В этом я ему верил – я помнил, как блестели его глаза, – не мог человек с таким взглядом не верить в то, что говорит.

– Думал много, говоришь? Неужто разбойником таким мечтал стать?

– Не разбойником. – Монах покачал головой. – Радость великую всегда хотел иметь, такую большую, чтобы ничего не страшно было. Чтобы на всё мог пойти, до предела любого, и не испугаться, ибо на пределе Бог только и зрится. Отчаянным и дерзким хотел быть, потому что всю жизнь прожил робким и тихим, всего опасался всегда, и не то что через кровь, через слёзы чьи-либо переступить не мог, мухи не обидел за жизнь свою. Робким всегда был, потому и в монастырь подался. Налгал я про себя, не было у меня дел стольких – ни подвигов, ни грехов. Не проливал я крови ничьей, и оружия даже в руки не брал, окромя этого.

И он вытащил из широких рукавов бритву. Я осторожно взял её.

– Неужто на монаха нищего кто руку поднимет?

– Не поднимет, но себе спокойней.

Бритва была старая – ручка потемневшая, в пятнах мелких, с небольшой трещиной на уголке, но лезвие оказалось хорошим – стальное, до блеска отточенное, и, видно, недавно, но несколько длинней обычного. Повертев в руках, я вернул бритву хозяину, и тот вновь спрятал её.

– Кстати, Варлаама откуда выдумал? Или встречал-таки?

– Откуда мне! Я про таких только в книжках читал. Где-то и про Варлаама, видно, вычитал, а где, не помню, и слова эти не он говорил, а другой кто-то, кажется. А может, и во сне видел, не помню я что-то. Часто путается в голове всё, и сам потом не разберу, где сон, где явь, где выдумал, а где прочитал.

– А письма чьи?

Он покраснел.

– Мои.

– И кому?

Он покраснел ещё гуще и отвернулся.

– Себе.

Я рассмеялся.

– Себе?!

– Да, себе, – глухо отозвался монах. – Хочется ведь иметь кого-нибудь, чтобы душу излить. А кому же как не себе её изливать?

Я чуть притих.

– И о чём писал?

– Что в дороге случалось, что видел, слышал.

Я наморщил лоб, вспоминая прочитанное, и посмотрел на монаха.

– Так тебя Яковом величают? – только сейчас я понял, что даже не задумывался раньше, что у него может быть имя: монах он и есть монах. Я усмехнулся. – Странный ты человек, отец Яков, скажу тебе.

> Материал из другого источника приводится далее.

lemma (in group) word_length_letter_mult_le:
  assumes "S \<subseteq> carrier G" and "x \<in> generate G S" and "s \<in> S \<union> m_inv G ` S"
  shows "word_length G S (s \<otimes> x) \<le> Suc (word_length G S x)"
proof -
  obtain ws where "set ws \<subseteq> S \<union> m_inv G ` S" and "foldr (\<otimes>) ws \<one> = x"
    using generate_obtain_word[OF assms(1,2)] .
  then obtain vs where "length vs = word_length G S x" "set vs \<subseteq> S \<union> m_inv G ` S"
      "foldr (\<otimes>) vs \<one> = x"
    by (rule word_length_obtain_shortest_word)
  then show ?thesis using word_length_le[of "s # vs" S G] assms(3) by simp
qed

locale wreath_product = H: group H + G: group G
  for H :: "('h,'c) monoid_scheme" and G :: "('g,'d) monoid_scheme"
begin

abbreviation W where "W \<equiv> wreath H G"

lemma wreath_mult:
  "(f1, g1) \<otimes>\<^bsub>W\<^esub> (f2, g2) =
   ((\<lambda>\<gamma>. if \<gamma> \<in> carrier G then f1 \<gamma> \<otimes>\<^bsub>H\<^esub> f2 (inv\<^bsub>G\<^esub> g1 \<otimes>\<^bsub>G\<^esub> \<gamma>) else \<one>\<^bsub>H\<^esub>), g1 \<otimes>\<^bsub>G\<^esub> g2)"
  by (simp add: wreath_def)

lemma wreath_one: "\<one>\<^bsub>W\<^esub> = ((\<lambda>\<gamma>. \<one>\<^bsub>H\<^esub>), \<one>\<^bsub>G\<^esub>)"
  by (simp add: wreath_def)

lemma mem_wreath_carrier:
  "(f, g) \<in> carrier W \<longleftrightarrow> g \<in> carrier G \<and> f \<in> carrier G \<rightarrow> carrier H
     \<and> (\<forall>\<gamma>. \<gamma> \<notin> carrier G \<longrightarrow> f \<gamma> = \<one>\<^bsub>H\<^esub>) \<and> finite {\<gamma> \<in> carrier G. f \<gamma> \<noteq> \<one>\<^bsub>H\<^esub>}"
  by (simp add: wreath_def)

lemma snd_wreath_mult: "snd (x \<otimes>\<^bsub>W\<^esub> y) = snd x \<otimes>\<^bsub>G\<^esub> snd y"
  by (cases x, cases y) (simp add: wreath_mult)

lemma wreath_mult_closed:
  assumes "(f1, g1) \<in> carrier W" and "(f2, g2) \<in> carrier W"
  shows "(f1, g1) \<otimes>\<^bsub>W\<^esub> (f2, g2) \<in> carrier W"
proof -
  have g1: "g1 \<in> carrier G" and f1: "f1 \<in> carrier G \<rightarrow> carrier H"
    and f2: "f2 \<in> carrier G \<rightarrow> carrier H"
    using assms by (simp_all add: mem_wreath_carrier)
  let ?f = "\<lambda>\<gamma>. if \<gamma> \<in> carrier G then f1 \<gamma> \<otimes>\<^bsub>H\<^esub> f2 (inv\<^bsub>G\<^esub> g1 \<otimes>\<^bsub>G\<^esub> \<gamma>) else \<one>\<^bsub>H\<^esub>"
  have "{\<gamma> \<in> carrier G. ?f \<gamma> \<noteq> \<one>\<^bsub>H\<^esub>}
      \<subseteq> {\<gamma> \<in> carrier G. f1 \<gamma> \<noteq> \<one>\<^bsub>H\<^esub>} \<union> (\<otimes>\<^bsub>G\<^esub>) g1 ` {\<gamma> \<in> carrier G. f2 \<gamma> \<noteq> \<one>\<^bsub>H\<^esub>}"
  proof
    fix \<gamma> assume "\<gamma> \<in> {\<gamma> \<in> carrier G. ?f \<gamma> \<noteq> \<one>\<^bsub>H\<^esub>}"
    then have \<gamma>: "\<gamma> \<in> carrier G" and "?f \<gamma> \<noteq> \<one>\<^bsub>H\<^esub>" by auto
    have "\<gamma> = g1 \<otimes>\<^bsub>G\<^esub> (inv\<^bsub>G\<^esub> g1 \<otimes>\<^bsub>G\<^esub> \<gamma>)"
      using g1 \<gamma> by (simp add: G.m_assoc[symmetric])
    moreover have "f1 \<gamma> \<noteq> \<one>\<^bsub>H\<^esub> \<or> f2 (inv\<^bsub>G\<^esub> g1 \<otimes>\<^bsub>G\<^esub> \<gamma>) \<noteq> \<one>\<^bsub>H\<^esub>"
      using \<open>?f \<gamma> \<noteq> \<one>\<^bsub>H\<^esub>\<close> \<gamma> f2 g1 by auto
    ultimately show "\<gamma> \<in> {\<gamma> \<in> carrier G. f1 \<gamma> \<noteq> \<one>\<^bsub>H\<^esub>}
        \<union> (\<otimes>\<^bsub>G\<^esub>) g1 ` {\<gamma> \<in> carrier G. f2 \<gamma> \<noteq> \<one>\<^bsub>H\<^esub>}"
      using \<gamma> g1 by blast
  qed
  then have "finite {\<gamma> \<in> carrier G. ?f \<gamma> \<noteq> \<one>\<^bsub>H\<^esub>}"
    by (rule finite_subset) (use assms in \<open>simp add: mem_wreath_carrier\<close>)
  moreover have "?f \<in> carrier G \<rightarrow> carrier H" using g1 f1 f2 by (auto simp: Pi_iff)
  ultimately show ?thesis using assms by (simp add: wreath_mult mem_wreath_carrier)
qed

lemma wreath_m_assoc:
  assumes "(f1, g1) \<in> carrier W" and "(f2, g2) \<in> carrier W" and "(f3, g3) \<in> carrier W"
  shows "(f1, g1) \<otimes>\<^bsub>W\<^esub> (f2, g2) \<otimes>\<^bsub>W\<^esub> (f3, g3) = (f1, g1) \<otimes>\<^bsub>W\<^esub> ((f2, g2) \<otimes>\<^bsub>W\<^esub> (f3, g3))"
proof -
  have "g1 \<in> carrier G" "g2 \<in> carrier G" "g3 \<in> carrier G" and f1: "f1 \<in> carrier G \<rightarrow> carrier H"
    and f2: "f2 \<in> carrier G \<rightarrow> carrier H" and f3: "f3 \<in> carrier G \<rightarrow> carrier H"
    using assms by (simp_all add: mem_wreath_carrier)
  then show ?thesis
    by (auto simp: wreath_mult G.inv_mult_group G.m_assoc
        intro!: ext H.m_assoc funcset_mem[OF f1] funcset_mem[OF f2] funcset_mem[OF f3])
qed

lemma wreath_l_one: "x \<in> carrier W \<Longrightarrow> \<one>\<^bsub>W\<^esub> \<otimes>\<^bsub>W\<^esub> x = x"
  by (cases x) (auto simp: wreath_one wreath_mult mem_wreath_carrier Pi_iff intro!: ext)

lemma wreath_l_inv:
  assumes x: "(f, g) \<in> carrier W"
  defines "y \<equiv> (\<lambda>\<gamma>. if \<gamma> \<in> carrier G then inv\<^bsub>H\<^esub> f (g \<otimes>\<^bsub>G\<^esub> \<gamma>) else \<one>\<^bsub>H\<^esub>, inv\<^bsub>G\<^esub> g)"
  shows "y \<in> carrier W" and "y \<otimes>\<^bsub>W\<^esub> (f, g) = \<one>\<^bsub>W\<^esub>"
proof -
  have g: "g \<in> carrier G" and f: "f \<in> carrier G \<rightarrow> carrier H"
    using x by (simp_all add: mem_wreath_carrier)
  have "{\<gamma> \<in> carrier G. fst y \<gamma> \<noteq> \<one>\<^bsub>H\<^esub>}
      \<subseteq> (\<otimes>\<^bsub>G\<^esub>) (inv\<^bsub>G\<^esub> g) ` {\<gamma> \<in> carrier G. f \<gamma> \<noteq> \<one>\<^bsub>H\<^esub>}"
  proof clarify
    fix \<gamma> assume \<gamma>: "\<gamma> \<in> carrier G" and "fst y \<gamma> \<noteq> \<one>\<^bsub>H\<^esub>"
    then have "f (g \<otimes>\<^bsub>G\<^esub> \<gamma>) \<noteq> \<one>\<^bsub>H\<^esub>" by (auto simp: y_def)
    moreover have "\<gamma> = inv\<^bsub>G\<^esub> g \<otimes>\<^bsub>G\<^esub> (g \<otimes>\<^bsub>G\<^esub> \<gamma>)"
      using g \<gamma> by (simp add: G.m_assoc[symmetric])
    ultimately show "\<gamma> \<in> (\<otimes>\<^bsub>G\<^esub>) (inv\<^bsub>G\<^esub> g) ` {\<gamma> \<in> carrier G. f \<gamma> \<noteq> \<one>\<^bsub>H\<^esub>}"
      using g \<gamma> by blast
  qed
  then have "finite {\<gamma> \<in> carrier G. fst y \<gamma> \<noteq> \<one>\<^bsub>H\<^esub>}"
    by (rule finite_subset) (use x in \<open>simp add: mem_wreath_carrier\<close>)
  then show "y \<in> carrier W" using g f by (auto simp: y_def mem_wreath_carrier Pi_iff)
  show "y \<otimes>\<^bsub>W\<^esub> (f, g) = \<one>\<^bsub>W\<^esub>"
    using g f by (auto simp: y_def wreath_one wreath_mult G.m_assoc[symmetric] Pi_iff intro!: ext)
qed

– Сам знаю. – Он тяжело вздохнул. – И низкий. Хоть и налгал я про аббата, а всё равно и без него много грехов имею. – Вид у него был подавленный: плечи поникли, глаза потухли, а на губах – горечь. – Лгу много, грешу втайне много в мыслях своих. Не то Варлаам говорил, не то. Не широк, а узок человек, узок слишком и мелок, расширить бы надо, да кому это под силу?

Мне стало чуть жалко его, – он выглядел потерянным. В сущности, он ничего страшного не сделал.

– Не суди себя, отец Яков. И никем судим не будешь.

– Знаю. Да где же столько радости взять, чтоб себя не судить? Хоть зёрнышко бы её горчичное…

Стало прохладно – похолодал ветер и восточная половина неба быстро затягивалась тучами, но на противоположной стороне было чисто – багряная верхушка всё ещё рдела на горизонте. Отец Яков посмотрел на застывший закат, и лицо его просветлело. Он повернулся ко мне и уже более ясно улыбнулся:

– Вот видишь, там же и осталось. И останется, пока Он не вернётся.

И в этот момент, словно услышав его, солнце сдвинулось – алый край пополз вниз, уменьшаясь на глазах. Я хмыкнул и кивнул монаху.

– Раскрой глаза, святой отец.

Он обернулся и вначале растерянно вздрогнул, но затем вскочил, и лицо его озарилось радостью.

– Он идёт!

Это был, действительно, его Спутник. Он появился из-за ближайшего холма и вскоре подошёл к нам.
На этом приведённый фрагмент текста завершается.